02:00 pm ブリット+Co.の動画「ウォーターカラーカリグラフィーFTW(Watercolor calligraphy FTW)」の撮影でスタジオに来ていた講師に挨拶しに行く。
02:03 pm 近く公開を予定しているページの新しいデザイン変更について、製品/技術評価。ユーザーの7割がコンテンツを消費する場所となった携帯電話で評価をする。
02:30 pm アンジェリカ・テンプルと1対1の打ち合わせをする。彼女はブリット+Co.のエグゼクティブ・クリエイティブ・ディレクターで、私が一番最初に雇った人物だ。ロジスティックスに関わることを話すこともあるが、この日の案件は簡単なものだったので、ビジネスに関して思いつく奇抜なアイデアについて数分間のブレーンストーミングをした。我々は文字通り「話し合うべきこと」と名前を付けたGoogle Docファイルを持っていて、そこにはたくさんのおかしな話題のほかに、膨大なだじゃれのリストも含まれている。
03:00 pm ハロウィーンの準備をはじめる。最初の写真を撮らなきゃ! 事前に用意をしてくれたみんなのおかげで、30分で衣装を5回も着替えた。そしてもちろん、すべてをSnapchatに投稿した。当然ね。
03:30 pm 直後にある役員会の前に、最高財務責任者(CFO)と最新の損益計算書をサッと見直す。万事整っている。企業の最高経営責任者(CEO)として、それは見ていて何より安心する光景だ。
04:00 pm 役員会。変わり続けるメディア界の状況とそれに関連するビジネスの最新情報について話し合い、現在我が社が取り組んでいるいくつかの大きな事業について少し議論した。我が社の役員会はこのうえなく協力的で、メディアに関する知識を豊富に持っているので、話をするのがいつも楽しみだ。
05:00 pm オフィスを出る前に「B+C Slack」のフィードをもう一度チェックして、この数時間に何か大事なことを見落としていないか確認する。
05:05 pm オフィスを出て、ほかの親たちと同様に家路につく。ここからは子どもたちと遊び、夕飯を食べさせ、お風呂に入れて、寝かせるための時間。7時までにすべて終わらせる。
07:30 pm シリコンバレーの女性起業家の小グループと夕食会。ときどき集まって、意見交換したり、お互いを励まし合ったりしている。生きていくのは大変だが、自分はひとりではないと知ることは助けになる。

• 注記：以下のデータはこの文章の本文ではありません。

lemma in_split_layer_imp_in_layer:
  assumes "k < n" "layer_arity k L0" "layer_maps L0 \<subseteq> M" "in_box \<Longrightarrow> x \<in> open_box a b k"
    and "L \<in> split_layer (a ! k) (b ! k) k L0 in_box" "in_layer scal L x y" "layer_proper scal L0 x"
  shows "in_layer scal L0 x y"
proof (cases L0)
  case (Bd f g)
  show ?thesis
  proof (cases in_box)
    case True
    then have x: "x \<in> open_box a b k" using assms by auto
    have fg: "bnd_ok k f" "bnd_maps f \<subseteq> M" "bnd_ok k g" "bnd_maps g \<subseteq> M" "f \<noteq> PInf" "g \<noteq> NInf"
      using assms Bd by (auto elim: bnd_lt.elims)
    show ?thesis
      using assms(5,6) True Bd corners_less[OF assms(1)] lval_replicate_zero_box[OF x]
        lo_lt_cut_lower_iff[OF assms(1) x fg(1,2)] hi_gt_cut_upper_iff[OF assms(1) x fg(3,4)]
        lo_lt_beyond_upper_face[OF assms(1) x fg(1,2,5)] hi_gt_beyond_lower_face[OF assms(1) x fg(3,4,6)]
      by (auto split: if_splits)
  qed (use assms Bd in auto)
qed (use assms in auto)

lemma split_layer_cover:
  assumes "k < n" "layer_arity k L0" "layer_maps L0 \<subseteq> M" "in_box \<Longrightarrow> x \<in> open_box a b k"
    and "in_layer scal L0 x y"
  shows "\<exists>L\<in>split_layer (a ! k) (b ! k) k L0 in_box. in_layer scal L x y"
proof (cases L0)
  case (Bd f g)
  show ?thesis
  proof (cases in_box)
    case True
    then have x: "x \<in> open_box a b k" using assms by auto
    have fg: "bnd_ok k f" "bnd_maps f \<subseteq> M" "bnd_ok k g" "bnd_maps g \<subseteq> M"
      using assms Bd by auto
    have lo: "lo_lt scal f x y" and hi: "hi_gt scal g x y" using assms(5) Bd by auto
    have below: "f = NInf" if "y \<le> a ! k"
      using lo_lt_above_face[OF assms(1) x fg(1,2) _ lo] that by force
    have above: "g = PInf" if "b ! k \<le> y"
      using hi_gt_below_face[OF assms(1) x fg(3,4) _ hi] that by force
    show ?thesis
    proof (cases "a ! k < y \<and> y < b ! k")
      case True
      then show ?thesis using \<open>in_box\<close> Bd lo hi
          lo_lt_cut_lower_iff[OF assms(1) x fg(1,2)] hi_gt_cut_upper_iff[OF assms(1) x fg(3,4)]
        by auto
    next
      case False
      then consider "y < a ! k" | "y = a ! k" | "y = b ! k" | "b ! k < y" by fastforce
      then show ?thesis
        by cases (use \<open>in_box\<close> Bd below above lval_replicate_zero_box[OF x] in auto)
    qed
  qed (use assms Bd in auto)
qed (use assms in auto)

lemma split_layer_unique:
  assumes "k < n" "layer_arity k L0" "layer_maps L0 \<subseteq> M" "in_box \<Longrightarrow> x \<in> open_box a b k"
    and "L \<in> split_layer (a ! k) (b ! k) k L0 in_box" "L' \<in> split_layer (a ! k) (b ! k) k L0 in_box"
    and "in_layer scal L x y" "in_layer scal L' x y"
  shows "L = L'"
proof (cases L0)
  case (Bd f g)
  show ?thesis
  proof (cases in_box)
    case True
    then have x: "x \<in> open_box a b k" using assms by auto
    have fg: "bnd_ok k f" "bnd_maps f \<subseteq> M" "bnd_ok k g" "bnd_maps g \<subseteq> M"
      using assms Bd by auto
    show ?thesis
      using assms(5-8) True Bd lval_replicate_zero_box[OF x] corners_less[OF assms(1)]
        lo_lt_cut_lower_iff[OF assms(1) x fg(1,2)] hi_gt_cut_upper_iff[OF assms(1) x fg(3,4)]
      by (auto split: if_splits)
  qed (use assms Bd in auto)
qed (use assms in auto)

lemma split_layer_outside_box:
  assumes "x \<in> open_box a b k" "L \<in> split_layer (a ! k) (b ! k) k L0 True"
    "L \<noteq> cut_layer (a ! k) (b ! k) k L0" "in_layer scal L x y"
  shows "\<not> (a ! k < y \<and> y < b ! k)"
  using assms lval_replicate_zero_box[OF assms(1)] by (cases L0) (auto split: if_splits)
definition E_set :: "int \<Rightarrow> int set \<Rightarrow> nat list \<Rightarrow> int \<Rightarrow> int list set" where
  "E_set N Lam ss x = {lam. length lam = sum_list ss \<and> set lam \<subseteq> Lam \<and>
      sum_list lam mod N = x mod N \<and>
      (\<exists>t :: nat \<Rightarrow> int. (\<forall>i<length ss. t i \<in> Lam) \<and> inj_on t {..<length ss} \<and>
          (\<forall>i<length ss. count (mset lam) (t i) = ss ! i))}"

end

(*
  A tuple in E(s)(x) is an arrangement of the multiset M = s_1 t_1 + ... + s_l t_l, and every such
  M has k!/(s_1! ... s_l!) arrangements, so it suffices to count the multisets M. Split M into its
  large part (the points of multiplicity > s), which is determined by the t_i with i in B(s) and so
  takes at most |Lam|^|B(s)| values, and its small part. For a fixed large part the small parts have
  multiplicities at most s, size at most k and a common sum mod N. If there were more than (s+1)^d
  of them, pigeonholing repeatedly on a single multiplicity would give d pairs whose differences form
  a d x |Lam| integer matrix in echelon form, hence of rank d; its entries are at most s in absolute
  value, its rows have l1-norm at most 2k and are relations of Lam mod N, contradicting the
  Lambda_d(2k, s) property.
*)

theory Submission
  imports Defs "HOL-Combinatorics.Multiset_Permutations"
begin

lemma card_le_card_image_mult:
  fixes b :: "'b::linordered_semidom"
  assumes "finite A" and "\<And>y. y \<in> f ` A \<Longrightarrow> of_nat (card {x \<in> A. f x = y}) \<le> b"
  shows "of_nat (card A) \<le> of_nat (card (f ` A)) * b"
proof -
  have "A = (\<Union>y\<in>f ` A. {x \<in> A. f x = y})" by blast
  then have "card A \<le> (\<Sum>y\<in>f ` A. card {x \<in> A. f x = y})"
    by (metis card_UN_le assms(1) finite_imageI)
  then have "of_nat (card A) \<le> (\<Sum>y\<in>f ` A. (of_nat (card {x \<in> A. f x = y}) :: 'b))"
    by (metis of_nat_le_iff of_nat_sum)
  also have "\<dots> \<le> of_nat (card (f ` A)) * b"
    by (rule sum_bounded_above) (rule assms(2))
  finally show ?thesis .
qed

lemma pigeonhole_echelon_pairs:
  fixes f :: "'c \<Rightarrow> 'a \<Rightarrow> 'b"
  assumes "finite R" and "inj_on f V" and "\<And>c j. c \<in> V \<Longrightarrow> f c j \<in> R"
    and "card R ^ n < card V"
  shows "\<exists>a b p. \<forall>i<n. a i \<in> V \<and> b i \<in> V \<and> f (a i) (p i) \<noteq> f (b i) (p i)
           \<and> (\<forall>i'<i. f (a i) (p i') = f (b i) (p i'))"
  using assms(2-4)
proof (induction n arbitrary: V)
  case 0
  then show ?case by simp
next
  case (Suc n)
  have "finite V" using Suc.prems(3) card.infinite by fastforce
  obtain c where "c \<in> V" using Suc.prems(3) by fastforce
  then have "R \<noteq> {}" using Suc.prems(2) by blast
  then have "1 \<le> card R ^ Suc n" using assms(1) by (simp add: Suc_le_eq card_gt_0_iff)
  then have "1 < card V" using Suc.prems(3) by linarith
  then have "\<not> (\<forall>a\<in>V. \<forall>b\<in>V. a = b)"
    using card_le_Suc0_iff_eq[OF \<open>finite V\<close>] by simp
  then obtain a0 b0 where ab0: "a0 \<in> V" "b0 \<in> V" "a0 \<noteq> b0" by blast
  then have "f a0 \<noteq> f b0" using Suc.prems(1) by (auto dest: inj_onD)
  then obtain j where j: "f a0 j \<noteq> f b0 j" by (meson ext)
  define C where "C r = {c \<in> V. f c j = r}" for r
  have "\<exists>r\<in>R. card R ^ n < card (C r)"
  proof (rule ccontr)
    assume "\<not> ?thesis"
    then have "card {c \<in> V. f c j = y} \<le> card R ^ n" if "y \<in> (\<lambda>c. f c j) ` V" for y
      using that Suc.prems(2) by (auto simp: C_def not_less)
    then have "card V \<le> card ((\<lambda>c. f c j) ` V) * card R ^ n"
      using card_le_card_image_mult[OF \<open>finite V\<close>, of "\<lambda>c. f c j" "card R ^ n"] by simp
    also have "\<dots> \<le> card R * card R ^ n"
      using Suc.prems(2) assms(1) by (intro mult_right_mono card_mono) auto
    finally show False using Suc.prems(3) by simp
  qed
  then obtain r where r: "card R ^ n < card (C r)" by blast
  have "inj_on f (C r)" using Suc.prems(1) by (rule inj_on_subset) (auto simp: C_def)
  moreover have "\<And>c j. c \<in> C r \<Longrightarrow> f c j \<in> R" using Suc.prems(2) by (auto simp: C_def)
  ultimately obtain a b p where
    pairs: "\<forall>i<n. a i \<in> C r \<and> b i \<in> C r \<and> f (a i) (p i) \<noteq> f (b i) (p i)
           \<and> (\<forall>i'<i. f (a i) (p i') = f (b i) (p i'))"
    using Suc.IH r by blast
  (* Prepend (a0, b0) with pivot j: all later pairs lie in C r, so they agree at j. *)
  show ?case
  proof (intro exI allI impI)
    fix i assume "i < Suc n"
    show "case_nat a0 a i \<in> V \<and> case_nat b0 b i \<in> V
      \<and> f (case_nat a0 a i) (case_nat j p i) \<noteq> f (case_nat b0 b i) (case_nat j p i)
      \<and> (\<forall>i'<i. f (case_nat a0 a i) (case_nat j p i') = f (case_nat b0 b i) (case_nat j p i'))"
    proof (cases i)
      case 0
      then show ?thesis using ab0 j by simp
    next
      case (Suc i0)
      then have "i0 < n" using \<open>i < Suc n\<close> by simp
      then have "a i0 \<in> C r" "b i0 \<in> C r" "f (a i0) (p i0) \<noteq> f (b i0) (p i0)"
        "\<forall>i'<i0. f (a i0) (p i') = f (b i0) (p i')"
        using pairs by blast+
      then show ?thesis using Suc by (auto simp: C_def less_Suc_eq_0_disj)
    qed
  qed
qed
lemma integral_binary_lottery:
  fixes h :: "real \<Rightarrow> real"
  assumes ab: "a \<le> b" and h: "continuous_on {a..b} h" and "0 \<le> \<beta>" "\<beta> \<le> 1"
  shows "integral\<^sup>L (binary_lottery a b \<beta>) h = \<beta> * h b + (1 - \<beta>) * h a"
proof -
  have "integral\<^sup>L (binary_lottery a b \<beta>) h =
      (\<integral>t. h (if t then b else a) \<partial>measure_pmf (bernoulli_pmf \<beta>))"
    unfolding binary_lottery_def
    by (rule integral_distr[OF binary_lottery_outcome_measurable[OF ab]
          borel_measurable_continuous_on_restrict[OF h]])
  also have "\<dots> = (\<Sum>t\<in>UNIV. h (if t then b else a) * pmf (bernoulli_pmf \<beta>) t)"
    by (rule integral_measure_pmf_real) auto
  also have "\<dots> = \<beta> * h b + (1 - \<beta>) * h a"
    using \<open>0 \<le> \<beta>\<close> \<open>\<beta> \<le> 1\<close> by (simp add: UNIV_bool)
  finally show ?thesis .
qed

lemma fosd_binary_lottery_one:
  assumes "a \<le> b" "p \<in> Delta a b"
  shows "fosd a b (binary_lottery a b 1) p"
  using assms integral_binary_lottery[of a b _ 1] Delta_integral_mono_bounds(2)
  by (auto simp: fosd_def)

lemma fosd_binary_lottery_zero:
  assumes "a \<le> b" "p \<in> Delta a b"
  shows "fosd a b p (binary_lottery a b 0)"
  using assms integral_binary_lottery[of a b _ 0] Delta_integral_mono_bounds(1)
  by (auto simp: fosd_def)

definition point_mass :: "real \<Rightarrow> real \<Rightarrow> real \<Rightarrow> real measure" where
  "point_mass a b x = return (restrict_space borel {a..b}) x"

lemma point_mass_in_Delta: "x \<in> {a..b} \<Longrightarrow> point_mass a b x \<in> Delta a b"
  by (auto simp: Delta_def point_mass_def space_restrict_space intro!: prob_space_return)

lemma integral_point_mass:
  fixes h :: "real \<Rightarrow> real"
  assumes "x \<in> {a..b}" "continuous_on {a..b} h"
  shows "integral\<^sup>L (point_mass a b x) h = h x"
  unfolding point_mass_def
  using assms borel_measurable_continuous_on_restrict[OF assms(2)]
  by (intro integral_return) (auto simp: space_restrict_space)

lemma continuous_map_point_mass_act:
  "continuous_map (top_of_set {a..b}) (Xtop a b) (\<lambda>x (_::'s::finite). point_mass a b x)"
  unfolding Xtop_def continuous_map_componentwise_UNIV weak_top_def
proof (intro allI continuous_map_pullback')
  show "topspace (top_of_set {a..b}) \<subseteq> point_mass a b -` Delta a b"
    using point_mass_in_Delta by auto
  have "continuous_map (top_of_set {a..b}) euclideanreal (\<lambda>x. integral\<^sup>L (point_mass a b x) h)"
    if "h \<in> Cab a b" for h
  proof (rule continuous_map_eq)
    show "continuous_map (top_of_set {a..b}) euclideanreal h"
      using that by (simp add: Cab_def)
  qed (use that integral_point_mass in \<open>auto simp: Cab_def\<close>)
  then show "continuous_map (top_of_set {a..b}) (product_topology (\<lambda>_. euclideanreal) (Cab a b))
      ((\<lambda>p. restrict (\<lambda>h. integral\<^sup>L p h) (Cab a b)) \<circ> point_mass a b)"
    by (auto simp: continuous_map_componentwise)
qed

09:00 pm 今日中に書かなくてはならないメールを書き、やり残した仕事を片付ける。たいていはベッドの上で。
10:30 pm 白状しよう。私は重症のコンテンツ中毒だ。だから、朝、日中、夜に放送される主なトーク番組はほぼ録画してある。寝る前の1時間はそれを見て、最近テレビで作られているコンテンツの種類を研究している。運がよければ、やはり録画しておいた「ゲーム・オブ・スローンズ」や「シリコンバレー」のようなドラマも見られる。
11:30 pm ベッドに入り、すべてをリセットして新しい1日を迎える準備をする。